BRIEF. When a line of the records contains "step", copy it.

Stored data entries
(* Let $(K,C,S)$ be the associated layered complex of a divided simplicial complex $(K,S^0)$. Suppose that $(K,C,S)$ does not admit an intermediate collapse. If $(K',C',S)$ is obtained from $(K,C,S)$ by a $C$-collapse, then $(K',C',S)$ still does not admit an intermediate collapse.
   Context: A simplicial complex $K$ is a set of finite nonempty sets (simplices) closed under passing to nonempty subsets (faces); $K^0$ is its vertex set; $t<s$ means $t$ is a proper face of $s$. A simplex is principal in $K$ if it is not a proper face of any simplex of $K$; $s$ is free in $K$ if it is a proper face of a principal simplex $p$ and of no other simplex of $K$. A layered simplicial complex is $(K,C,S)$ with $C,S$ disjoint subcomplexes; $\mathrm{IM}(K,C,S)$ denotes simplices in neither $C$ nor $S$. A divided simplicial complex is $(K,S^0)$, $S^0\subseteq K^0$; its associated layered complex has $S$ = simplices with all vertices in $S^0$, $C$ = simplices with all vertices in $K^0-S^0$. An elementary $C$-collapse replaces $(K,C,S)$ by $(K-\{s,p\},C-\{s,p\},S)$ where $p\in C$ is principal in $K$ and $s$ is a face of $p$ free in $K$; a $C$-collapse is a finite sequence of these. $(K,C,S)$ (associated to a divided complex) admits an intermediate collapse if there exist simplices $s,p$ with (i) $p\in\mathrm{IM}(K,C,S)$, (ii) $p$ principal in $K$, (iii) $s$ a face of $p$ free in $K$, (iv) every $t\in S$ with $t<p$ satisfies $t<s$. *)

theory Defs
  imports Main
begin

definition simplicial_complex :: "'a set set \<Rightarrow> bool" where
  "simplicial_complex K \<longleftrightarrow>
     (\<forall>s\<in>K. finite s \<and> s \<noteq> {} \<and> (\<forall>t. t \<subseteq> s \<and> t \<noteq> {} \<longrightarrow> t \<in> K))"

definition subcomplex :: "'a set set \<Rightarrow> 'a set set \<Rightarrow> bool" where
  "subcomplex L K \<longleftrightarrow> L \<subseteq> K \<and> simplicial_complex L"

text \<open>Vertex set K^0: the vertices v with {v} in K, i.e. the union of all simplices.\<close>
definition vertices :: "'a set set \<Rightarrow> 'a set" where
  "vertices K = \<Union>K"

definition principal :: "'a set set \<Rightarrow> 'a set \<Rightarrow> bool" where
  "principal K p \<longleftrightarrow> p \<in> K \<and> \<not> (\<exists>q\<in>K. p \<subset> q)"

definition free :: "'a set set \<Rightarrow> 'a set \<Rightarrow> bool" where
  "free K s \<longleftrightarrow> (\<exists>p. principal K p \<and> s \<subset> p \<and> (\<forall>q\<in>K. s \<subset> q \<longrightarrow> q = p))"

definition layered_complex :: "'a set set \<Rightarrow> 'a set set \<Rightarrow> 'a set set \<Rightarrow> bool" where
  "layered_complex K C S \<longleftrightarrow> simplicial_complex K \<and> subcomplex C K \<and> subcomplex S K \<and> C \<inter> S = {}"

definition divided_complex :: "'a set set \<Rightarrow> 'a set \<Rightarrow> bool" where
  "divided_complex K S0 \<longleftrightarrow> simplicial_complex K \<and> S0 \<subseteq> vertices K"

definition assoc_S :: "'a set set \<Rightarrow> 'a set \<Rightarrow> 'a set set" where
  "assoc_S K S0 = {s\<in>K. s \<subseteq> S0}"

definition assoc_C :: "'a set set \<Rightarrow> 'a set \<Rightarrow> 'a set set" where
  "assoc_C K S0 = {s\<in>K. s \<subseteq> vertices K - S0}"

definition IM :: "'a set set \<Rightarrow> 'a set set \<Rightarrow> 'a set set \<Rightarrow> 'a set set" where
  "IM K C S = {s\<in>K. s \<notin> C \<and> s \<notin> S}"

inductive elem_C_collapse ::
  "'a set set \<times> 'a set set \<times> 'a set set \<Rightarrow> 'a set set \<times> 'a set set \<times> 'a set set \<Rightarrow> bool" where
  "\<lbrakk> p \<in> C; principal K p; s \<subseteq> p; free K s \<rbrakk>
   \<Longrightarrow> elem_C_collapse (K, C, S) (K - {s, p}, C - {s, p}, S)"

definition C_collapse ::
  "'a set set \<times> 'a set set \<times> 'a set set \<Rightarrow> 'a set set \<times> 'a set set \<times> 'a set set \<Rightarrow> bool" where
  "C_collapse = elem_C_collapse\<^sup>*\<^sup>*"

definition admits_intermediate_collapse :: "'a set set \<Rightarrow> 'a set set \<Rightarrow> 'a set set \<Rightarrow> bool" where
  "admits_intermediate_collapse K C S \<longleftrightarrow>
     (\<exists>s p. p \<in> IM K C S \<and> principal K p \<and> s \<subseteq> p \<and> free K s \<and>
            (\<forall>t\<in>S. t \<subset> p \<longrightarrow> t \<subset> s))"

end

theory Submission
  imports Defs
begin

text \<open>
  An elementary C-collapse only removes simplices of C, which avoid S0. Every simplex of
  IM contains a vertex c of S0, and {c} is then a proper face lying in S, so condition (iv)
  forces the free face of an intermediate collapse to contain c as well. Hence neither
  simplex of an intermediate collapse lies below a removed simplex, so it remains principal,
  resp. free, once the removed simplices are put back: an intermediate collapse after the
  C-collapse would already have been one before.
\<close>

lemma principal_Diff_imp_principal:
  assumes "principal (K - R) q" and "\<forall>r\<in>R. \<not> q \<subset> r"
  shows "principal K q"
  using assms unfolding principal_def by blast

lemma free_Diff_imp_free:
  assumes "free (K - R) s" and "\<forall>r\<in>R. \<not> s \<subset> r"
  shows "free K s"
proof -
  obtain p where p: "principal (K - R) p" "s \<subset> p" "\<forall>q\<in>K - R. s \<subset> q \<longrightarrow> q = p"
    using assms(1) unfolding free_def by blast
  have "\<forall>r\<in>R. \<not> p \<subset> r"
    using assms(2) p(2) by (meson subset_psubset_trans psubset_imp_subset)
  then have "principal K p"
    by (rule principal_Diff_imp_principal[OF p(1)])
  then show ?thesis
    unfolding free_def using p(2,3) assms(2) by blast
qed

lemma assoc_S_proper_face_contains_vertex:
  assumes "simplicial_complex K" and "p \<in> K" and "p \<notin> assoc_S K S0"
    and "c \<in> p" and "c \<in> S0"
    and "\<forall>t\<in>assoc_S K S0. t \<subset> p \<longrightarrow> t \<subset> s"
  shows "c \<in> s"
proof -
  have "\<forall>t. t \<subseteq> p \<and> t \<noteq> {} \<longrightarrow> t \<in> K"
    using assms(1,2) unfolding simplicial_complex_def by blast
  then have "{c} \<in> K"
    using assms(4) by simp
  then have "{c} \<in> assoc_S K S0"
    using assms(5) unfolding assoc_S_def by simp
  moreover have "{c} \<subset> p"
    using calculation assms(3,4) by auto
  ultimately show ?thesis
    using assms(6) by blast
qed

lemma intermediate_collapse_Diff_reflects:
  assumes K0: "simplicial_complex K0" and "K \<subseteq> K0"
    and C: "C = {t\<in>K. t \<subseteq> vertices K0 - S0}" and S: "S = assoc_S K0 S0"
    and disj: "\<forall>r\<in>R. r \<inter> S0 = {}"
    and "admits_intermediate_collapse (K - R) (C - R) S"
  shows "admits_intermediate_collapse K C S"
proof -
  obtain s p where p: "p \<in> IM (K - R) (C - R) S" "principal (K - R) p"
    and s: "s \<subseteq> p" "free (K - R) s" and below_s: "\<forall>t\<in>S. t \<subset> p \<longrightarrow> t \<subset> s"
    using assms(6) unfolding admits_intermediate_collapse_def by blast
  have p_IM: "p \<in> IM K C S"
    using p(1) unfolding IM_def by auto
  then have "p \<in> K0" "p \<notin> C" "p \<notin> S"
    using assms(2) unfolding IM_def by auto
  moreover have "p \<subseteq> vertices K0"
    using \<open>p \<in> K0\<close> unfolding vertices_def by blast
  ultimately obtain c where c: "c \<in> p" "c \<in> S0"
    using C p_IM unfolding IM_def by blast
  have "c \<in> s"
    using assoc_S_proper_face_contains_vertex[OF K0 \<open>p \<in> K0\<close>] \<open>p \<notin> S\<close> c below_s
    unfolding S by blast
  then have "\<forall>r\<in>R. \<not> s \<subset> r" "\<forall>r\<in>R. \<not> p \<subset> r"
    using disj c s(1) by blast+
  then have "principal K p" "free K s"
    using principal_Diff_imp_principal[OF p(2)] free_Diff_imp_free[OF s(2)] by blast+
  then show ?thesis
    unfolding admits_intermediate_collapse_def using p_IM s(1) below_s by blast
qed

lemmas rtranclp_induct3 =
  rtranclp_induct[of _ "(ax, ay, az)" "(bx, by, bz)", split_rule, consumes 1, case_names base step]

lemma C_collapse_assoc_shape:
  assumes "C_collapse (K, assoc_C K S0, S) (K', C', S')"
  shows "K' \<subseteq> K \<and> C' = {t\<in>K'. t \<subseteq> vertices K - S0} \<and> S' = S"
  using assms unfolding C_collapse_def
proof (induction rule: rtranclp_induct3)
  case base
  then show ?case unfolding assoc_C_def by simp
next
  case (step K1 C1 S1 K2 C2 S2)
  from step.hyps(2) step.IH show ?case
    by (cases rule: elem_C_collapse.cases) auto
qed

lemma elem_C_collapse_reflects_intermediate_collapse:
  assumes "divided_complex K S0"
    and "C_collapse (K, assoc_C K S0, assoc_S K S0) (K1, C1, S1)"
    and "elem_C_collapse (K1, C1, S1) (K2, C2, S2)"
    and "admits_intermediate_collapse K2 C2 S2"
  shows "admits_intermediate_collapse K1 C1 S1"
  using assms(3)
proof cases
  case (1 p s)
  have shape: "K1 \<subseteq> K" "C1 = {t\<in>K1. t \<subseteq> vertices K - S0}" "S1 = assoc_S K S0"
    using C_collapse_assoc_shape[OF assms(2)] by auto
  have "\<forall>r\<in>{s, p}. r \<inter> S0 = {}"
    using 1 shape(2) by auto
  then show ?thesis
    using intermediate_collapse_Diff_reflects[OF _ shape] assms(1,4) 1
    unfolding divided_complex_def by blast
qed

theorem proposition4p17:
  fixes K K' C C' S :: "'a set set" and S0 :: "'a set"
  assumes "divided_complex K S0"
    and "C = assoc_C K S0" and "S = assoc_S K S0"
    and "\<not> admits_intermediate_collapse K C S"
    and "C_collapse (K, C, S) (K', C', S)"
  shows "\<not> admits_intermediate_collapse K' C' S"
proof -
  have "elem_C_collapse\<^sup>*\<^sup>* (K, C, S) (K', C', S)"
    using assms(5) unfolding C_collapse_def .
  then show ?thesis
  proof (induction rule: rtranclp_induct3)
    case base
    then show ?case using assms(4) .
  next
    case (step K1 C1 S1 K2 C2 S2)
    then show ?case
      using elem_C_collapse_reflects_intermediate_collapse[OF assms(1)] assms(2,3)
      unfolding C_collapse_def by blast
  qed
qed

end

ANSWER TO THE PROBLEM.
  rtranclp_induct[of _ "(ax, ay, az)" "(bx, by, bz)", split_rule, consumes 1, case_names base step]
  case (step K1 C1 S1 K2 C2 S2)
  from step.hyps(2) step.IH show ?case
    case (step K1 C1 S1 K2 C2 S2)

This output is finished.